Thank you so much for the response. :)

I think a malicious driver (in kernel space) can still call these functions to 
create a device node, which is dangerous.  If this is not possible, then there 
is no security hole.

If that is possible, then the question is if LSM can help -- if the SELinux 
policy allows us to specify such detailed rules "which driver should have 
access to which inodes/function". I am not sure if SELinux only restricts user 
space processes.

Thanks,
Lin

-----Original Message-----
From: [EMAIL PROTECTED] [mailto:[EMAIL PROTECTED] On Behalf Of Greg KH
Sent: Wednesday, October 31, 2007 11:12 PM
To: Tan, Lin
Cc: linux-security-module@vger.kernel.org
Subject: Re: Possible missing security checks in usbfs?
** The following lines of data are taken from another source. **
(* Let $f\in R$ with $0\le f\le b\cdot1$ and let $0=s_0<s_1<\dots<s_n=b$ be rationals. Then $$\sum_{i=0}^{n-1}s_i\,(s_i<f<s_{i+1})\;\le\; f\;\le\;\sum_{i=0}^{n-1}s_{i+1}\,(s_i\le f\le s_{i+1}),$$ where $(s_i<f<s_{i+1}):=D(f-s_i)\wedge D(s_{i+1}-f)$ and $(s_i\le f\le s_{i+1}):=(f\ge s_i)\wedge(f\le s_{i+1})$.
   Context: $R$ is a Riesz space over $\mathbb{Q}$ with strong unit $1$; rationals $r$ are identified with $r\cdot1$. $\mathrm{Spec}(R)$ is the distributive lattice generated by $D(a)$, $a\in R$, subject to $D(1)=1$; $D(a)\wedge D(-a)=0$; $D(a+b)\le D(a)\vee D(b)$; $D(a)=0$ if $a\le0$; $D(a\vee b)=D(a)\vee D(b)$. $B$ is the Boolean algebra freely generated by $\mathrm{Spec}(R)$; $(f>r):=D(f-r)$, $(f<r):=D(r-f)$, $(f\le r):=\neg(f>r)$, $(f\ge r):=\neg(f<r)$. A positive simple function is a formal finite sum $\sum_i r_ix_i$ with rationals $r_i\ge0$, $x_i\in B$; for a finite index set $I$, $x_I:=\bigwedge_{i\in I}x_i$ ($x_\emptyset=1$), $r_I:=\sum_{i\in I}r_i$ ($r_\emptyset=0$). For $f\in R$: $\sum_ir_ix_i\le f$ iff $x_I\le(f\ge r_I)$ for every finite index set $I$; $f\le\sum_js_jy_j$ iff $1=\bigvee_J((f\le s_J)\wedge y_J)$, the join over all finite index sets $J$. *)

theory Defs
  imports Main "HOL-Library.Lattice_Algebras"
begin

definition riesz_space_Q :: "(rat \<Rightarrow> 'r::lattice_ab_group_add \<Rightarrow> 'r) \<Rightarrow> bool" where
  "riesz_space_Q scale \<longleftrightarrow> vector_space scale \<and>
     (\<forall>q x. 0 \<le> q \<longrightarrow> 0 \<le> x \<longrightarrow> 0 \<le> scale q x)"

definition strong_unit :: "(rat \<Rightarrow> 'r::lattice_ab_group_add \<Rightarrow> 'r) \<Rightarrow> 'r \<Rightarrow> bool" where
  "strong_unit scale u \<longleftrightarrow> 0 \<le> u \<and> (\<forall>a. \<exists>n::nat. sup a (- a) \<le> scale (of_nat n) u)"

text \<open>D is an interpretation of the generators D(a) of Spec(R) in a Boolean algebra
  satisfying the defining relations of Spec(R).  Inequalities between Boolean terms in
  the generators hold in B (the free Boolean algebra over Spec(R)) iff they hold for
  every such interpretation.\<close>
definition spec_rel :: "(rat \<Rightarrow> 'r::lattice_ab_group_add \<Rightarrow> 'r) \<Rightarrow> 'r \<Rightarrow> ('r \<Rightarrow> 'b::boolean_algebra) \<Rightarrow> bool" where
  "spec_rel scale u D \<longleftrightarrow>
     D u = top \<and>
     (\<forall>a. inf (D a) (D (- a)) = bot) \<and>
     (\<forall>a b. D (a + b) \<le> sup (D a) (D b)) \<and>
     (\<forall>a. a \<le> 0 \<longrightarrow> D a = bot) \<and>
     (\<forall>a b. D (sup a b) = sup (D a) (D b))"

text \<open>(f > r), (f < r), (f \<le> r), (f \<ge> r), rationals r identified with r\<cdot>u.\<close>
definition fgt :: "(rat \<Rightarrow> 'r::lattice_ab_group_add \<Rightarrow> 'r) \<Rightarrow> 'r \<Rightarrow> ('r \<Rightarrow> 'b::boolean_algebra) \<Rightarrow> 'r \<Rightarrow> rat \<Rightarrow> 'b" where
  "fgt scale u D f r = D (f - scale r u)"
definition flt :: "(rat \<Rightarrow> 'r::lattice_ab_group_add \<Rightarrow> 'r) \<Rightarrow> 'r \<Rightarrow> ('r \<Rightarrow> 'b::boolean_algebra) \<Rightarrow> 'r \<Rightarrow> rat \<Rightarrow> 'b" where
  "flt scale u D f r = D (scale r u - f)"
definition fle :: "(rat \<Rightarrow> 'r::lattice_ab_group_add \<Rightarrow> 'r) \<Rightarrow> 'r \<Rightarrow> ('r \<Rightarrow> 'b::boolean_algebra) \<Rightarrow> 'r \<Rightarrow> rat \<Rightarrow> 'b" where
  "fle scale u D f r = - fgt scale u D f r"
definition fge :: "(rat \<Rightarrow> 'r::lattice_ab_group_add \<Rightarrow> 'r) \<Rightarrow> 'r \<Rightarrow> ('r \<Rightarrow> 'b::boolean_algebra) \<Rightarrow> 'r \<Rightarrow> rat \<Rightarrow> 'b" where
  "fge scale u D f r = - flt scale u D f r"

text \<open>x_I := meet of x_i over i in I (empty meet = top).\<close>
definition bmeet :: "('i \<Rightarrow> 'b::boolean_algebra) \<Rightarrow> 'i set \<Rightarrow> 'b" where
  "bmeet x I = Inf_fin (insert top (x ` I))"

text \<open>Positive simple function with index set Ix, coefficients r and elements x:
  sum_i r_i x_i \<le> f.\<close>
definition simple_le_elem :: "(rat \<Rightarrow> 'r::lattice_ab_group_add \<Rightarrow> 'r) \<Rightarrow> 'r \<Rightarrow> ('r \<Rightarrow> 'b::boolean_algebra)
    \<Rightarrow> 'i set \<Rightarrow> ('i \<Rightarrow> rat) \<Rightarrow> ('i \<Rightarrow> 'b) \<Rightarrow> 'r \<Rightarrow> bool" where
  "simple_le_elem scale u D Ix r x f \<longleftrightarrow>
     (\<forall>I. I \<subseteq> Ix \<longrightarrow> bmeet x I \<le> fge scale u D f (sum r I))"

text \<open>f \<le> sum_j s_j y_j.\<close>
definition elem_le_simple :: "(rat \<Rightarrow> 'r::lattice_ab_group_add \<Rightarrow> 'r) \<Rightarrow> 'r \<Rightarrow> ('r \<Rightarrow> 'b::boolean_algebra)
    \<Rightarrow> 'r \<Rightarrow> 'i set \<Rightarrow> ('i \<Rightarrow> rat) \<Rightarrow> ('i \<Rightarrow> 'b) \<Rightarrow> bool" where
  "elem_le_simple scale u D f Ix s y \<longleftrightarrow>
     top = Sup_fin ((\<lambda>J. inf (fle scale u D f (sum s J)) (bmeet y J)) ` Pow Ix)"

end

theory Submission
  imports Defs
begin

text \<open>The coefficients (s_i < f < s_{i+1}) of the lower sum are pairwise disjoint, since
  (f < s_{i+1}) and (f > s_j) are disjoint once s_{i+1} \<le> s_j.  Hence only I = {} and singletons
  need checking, and these reduce to (f \<ge> 0) = 1 and (f > s_i) \<le> (f \<ge> s_i).  For the upper
  sum, (f \<le> s_{k+1}) \<le> (s_k \<le> f \<le> s_{k+1}) \<or> (f < s_k) shows by induction on k that (f \<le> s_k)
  lies below the join, using only the terms J = {} and J = {i}; at k = n the left side is
  (f \<le> b) = 1.\<close>

lemma step_increasing_mono:
  fixes s :: "nat \<Rightarrow> 'a::preorder"
  assumes "\<forall>i<n. s i < s (Suc i)" and "i \<le> j" and "j \<le> n"
  shows "s i \<le> s j"
  using assms(2,3) by (induction j rule: dec_induct)
    (use assms(1) in \<open>auto intro: order_trans[OF _ less_imp_le]\<close>)

lemma riesz_space_Q_scale_zero:
  assumes "riesz_space_Q scale"
  shows "scale 0 u = 0"
proof -
  from assms interpret vector_space scale by (simp add: riesz_space_Q_def)
  show ?thesis by simp
qed

lemma riesz_space_Q_scale_left_mono:
  assumes "riesz_space_Q scale" and "0 \<le> u" and "a \<le> c"
  shows "scale a u \<le> scale c u"
proof -
  from assms(1) interpret vector_space scale by (simp add: riesz_space_Q_def)
  have "0 \<le> scale (c - a) u" using assms by (simp add: riesz_space_Q_def)
  then show ?thesis by (simp add: scale_left_diff_distrib)
qed

lemma spec_rel_D_nonpos:
  assumes "spec_rel scale u D" and "a \<le> 0"
  shows "D a = bot"
  using assms by (simp add: spec_rel_def)

lemma spec_rel_D_mono:
  assumes "spec_rel scale u D" and "a \<le> c"
  shows "D a \<le> D c"
proof -
  have "D c = sup (D a) (D c)"
    using assms by (metis spec_rel_def sup.absorb2)
  then show ?thesis by (metis sup.cobounded1)
qed

lemma spec_rel_D_uminus_le_compl:
  assumes "spec_rel scale u D"
  shows "D (- a) \<le> - D a"
  using assms by (simp add: spec_rel_def inf_shunt[symmetric] inf_commute)

lemma flt_le_fle:
  assumes "spec_rel scale u D"
  shows "flt scale u D f r \<le> fle scale u D f r"
  using spec_rel_D_uminus_le_compl[OF assms, of "f - scale r u"]
  by (simp add: flt_def fle_def fgt_def)

lemma fgt_le_fge:
  assumes "spec_rel scale u D"
  shows "fgt scale u D f r \<le> fge scale u D f r"
  using spec_rel_D_uminus_le_compl[OF assms, of "scale r u - f"]
  by (simp add: fgt_def fge_def flt_def compl_le_swap1)

lemma flt_inf_fgt_eq_bot:
  assumes "riesz_space_Q scale" and "0 \<le> u" and "spec_rel scale u D" and "a \<le> c"
  shows "inf (flt scale u D f a) (fgt scale u D f c) = bot"
proof -
  have "flt scale u D f a \<le> flt scale u D f c"
    unfolding flt_def
    by (intro spec_rel_D_mono[OF assms(3)] diff_right_mono riesz_space_Q_scale_left_mono assms)
  also have "\<dots> \<le> - fgt scale u D f c"
    using spec_rel_D_uminus_le_compl[OF assms(3), of "f - scale c u"]
    by (simp add: flt_def fgt_def)
  finally show ?thesis by (simp add: inf_shunt)
qed

lemma fle_eq_top:
  assumes "spec_rel scale u D" and "f \<le> scale r u"
  shows "fle scale u D f r = top"
  using spec_rel_D_nonpos[OF assms(1)] assms(2) by (simp add: fle_def fgt_def)

lemma fge_zero_eq_top:
  assumes "riesz_space_Q scale" and "spec_rel scale u D" and "0 \<le> f"
  shows "fge scale u D f 0 = top"
  using spec_rel_D_nonpos[OF assms(2)] assms(3)
  by (simp add: fge_def flt_def riesz_space_Q_scale_zero[OF assms(1)])

lemma fle_le_sup_fge_inf_fle:
  assumes "spec_rel scale u D"
  shows "fle scale u D f c
    \<le> sup (inf (fge scale u D f a) (fle scale u D f c)) (fle scale u D f a)"
proof -
  have "fle scale u D f c \<le> sup (inf (fge scale u D f a) (fle scale u D f c)) (flt scale u D f a)"
    by (simp add: fge_def sup_inf_distrib2)
  also have "\<dots> \<le> sup (inf (fge scale u D f a) (fle scale u D f c)) (fle scale u D f a)"
    using flt_le_fle[OF assms] by (rule sup_mono[OF order_refl])
  finally show ?thesis .
qed

lemma bmeet_empty [simp]: "bmeet x {} = top"
  by (simp add: bmeet_def)

lemma bmeet_singleton [simp]: "bmeet x {i} = x i"
  by (simp add: bmeet_def)

lemma bmeet_le:
  assumes "finite I" and "i \<in> I"
  shows "bmeet x I \<le> x i"
  unfolding bmeet_def using assms by (intro Inf_fin.coboundedI) auto

lemma simple_le_elem_pairwise_disjoint:
  assumes "finite Ix"
    and disjoint: "\<And>i j. i \<in> Ix \<Longrightarrow> j \<in> Ix \<Longrightarrow> i \<noteq> j \<Longrightarrow> inf (x i) (x j) = bot"
    and "fge scale u D f 0 = top"
    and "\<And>i. i \<in> Ix \<Longrightarrow> x i \<le> fge scale u D f (r i)"
  shows "simple_le_elem scale u D Ix r x f"
  unfolding simple_le_elem_def
proof (intro allI impI)
  fix I assume "I \<subseteq> Ix"
  then have "finite I" using assms(1) finite_subset by blast
  consider "I = {}" | i where "I = {i}" | i j where "i \<in> I" "j \<in> I" "i \<noteq> j"
    by blast
  then show "bmeet x I \<le> fge scale u D f (sum r I)"
  proof cases
    case 3
    have "bmeet x I \<le> inf (x i) (x j)"
      by (intro le_infI bmeet_le[OF \<open>finite I\<close>] 3)
    also have "\<dots> = bot" using disjoint 3 \<open>I \<subseteq> Ix\<close> by blast
    finally show ?thesis by (rule order_trans) simp
  qed (use assms(3,4) \<open>I \<subseteq> Ix\<close> in auto)
qed

lemma elem_le_simple_interval_cover:
  fixes s :: "nat \<Rightarrow> rat"
  assumes "spec_rel scale u D" and "s 0 = 0" and "f \<le> scale (s n) u"
  shows "elem_le_simple scale u D f {..<n} (\<lambda>i. s (Suc i))
           (\<lambda>i. inf (fge scale u D f (s i)) (fle scale u D f (s (Suc i))))"
proof -
  define y where "y i = inf (fge scale u D f (s i)) (fle scale u D f (s (Suc i)))" for i
  define C where "C = (\<lambda>J. inf (fle scale u D f (\<Sum>i\<in>J. s (Suc i))) (bmeet y J)) ` Pow {..<n}"
  have "finite C" by (simp add: C_def)
  have "fle scale u D f (s k) \<le> Sup_fin C" if "k \<le> n" for k
    using that
  proof (induction k)
    case 0
    have "fle scale u D f (s 0) \<in> C"
      unfolding C_def by (rule image_eqI[of _ _ "{}"]) (simp_all add: assms(2))
    then show ?case by (rule Sup_fin.coboundedI[OF \<open>finite C\<close>])
  next
    case (Suc k)
    have "y k \<in> C"
      unfolding C_def using Suc.prems
      by (intro image_eqI[of _ _ "{k}"]) (auto simp: y_def inf_aci)
    then have "sup (y k) (fle scale u D f (s k)) \<le> Sup_fin C"
      using Suc Sup_fin.coboundedI[OF \<open>finite C\<close>] by simp
    with fle_le_sup_fge_inf_fle[OF assms(1)] show ?case
      unfolding y_def by (blast intro: order_trans)
  qed
  then have "top \<le> Sup_fin C"
    using fle_eq_top[OF assms(1,3)] by (metis order_refl)
  then show ?thesis
    unfolding elem_le_simple_def y_def[symmetric] C_def[symmetric] by (simp add: top_unique)
qed

theorem lemma4p8:
  fixes scale :: "rat \<Rightarrow> 'r::lattice_ab_group_add \<Rightarrow> 'r"
    and u :: 'r and D :: "'r \<Rightarrow> 'b::boolean_algebra"
    and f :: 'r and b :: rat and s :: "nat \<Rightarrow> rat" and n :: nat
  assumes "riesz_space_Q scale" and "strong_unit scale u" and "spec_rel scale u D"
    and "0 \<le> f" and "f \<le> scale b u"
    and "s 0 = 0" and "\<forall>i<n. s i < s (Suc i)" and "s n = b"
  shows "simple_le_elem scale u D {..<n} s
           (\<lambda>i. inf (fgt scale u D f (s i)) (flt scale u D f (s (Suc i)))) f
       \<and> elem_le_simple scale u D f {..<n} (\<lambda>i. s (Suc i))
           (\<lambda>i. inf (fge scale u D f (s i)) (fle scale u D f (s (Suc i))))"
proof
  have "0 \<le> u" using assms(2) by (simp add: strong_unit_def)
  define x where "x i = inf (fgt scale u D f (s i)) (flt scale u D f (s (Suc i)))" for i
  have "inf (x i) (x j) = bot" if "i < j" "j < n" for i j
  proof -
    have "s (Suc i) \<le> s j"
      using that by (intro step_increasing_mono[OF assms(7)]) auto
    then show ?thesis
      using flt_inf_fgt_eq_bot[OF assms(1) \<open>0 \<le> u\<close> assms(3), of "s (Suc i)" "s j" f]
      unfolding x_def by (metis inf.commute inf_bot_left inf_left_commute)
  qed
  then have "inf (x i) (x j) = bot" if "i < n" "j < n" "i \<noteq> j" for i j
    using that by (metis inf.commute linorder_neqE_nat)
  then show "simple_le_elem scale u D {..<n} s x f"
    using fge_zero_eq_top[OF assms(1,3,4)] fgt_le_fge[OF assms(3)]
    by (intro simple_le_elem_pairwise_disjoint) (auto simp: x_def le_infI1)
  show "elem_le_simple scale u D f {..<n} (\<lambda>i. s (Suc i))
           (\<lambda>i. inf (fge scale u D f (s i)) (fle scale u D f (s (Suc i))))"
    using elem_le_simple_interval_cover[OF assms(3), of s f n] assms(5,6,8) by simp
qed

end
On Wed, Oct 31, 2007 at 07:02:27PM -0500, Tan, Lin wrote:
> Hello,
>
> I found several places performing mknod and mkdir operations without
> the proper security_inode_permission/mknod/mkdir checks. But I am not
> sure if it is that usbfs does not use LSM at all or there are real
> security violations.
>
> One such example is as follows.
>
> In linux-2.6.21.5/drivers/usb/core/inode.c, function usbfs_mknod()
> accesses sensitive inode data structure, but is not authorized by a
> security check, at least in one of the call chains: usbfs_mknod <-
> usbfs_mkdir <- fs_create_by_name <- fs_create_file <-
> usbfs_add_device<- usbfs_notify
>
> Considering the mknod operation for many files systems, such as ext2,
> ext3, and jfs, is authorized by a security check via the vfs_mknod()
> function call, the missing checks in usbfs might be a problem.

As author of usbfs in its current implementation, I don't see where the problem 
is.  Only the kernel itself creates files, no userspace process does, so there 
is no need to do any kind of security check, right?

Do you see some way an unprivilidged user can create a device node in usbfs?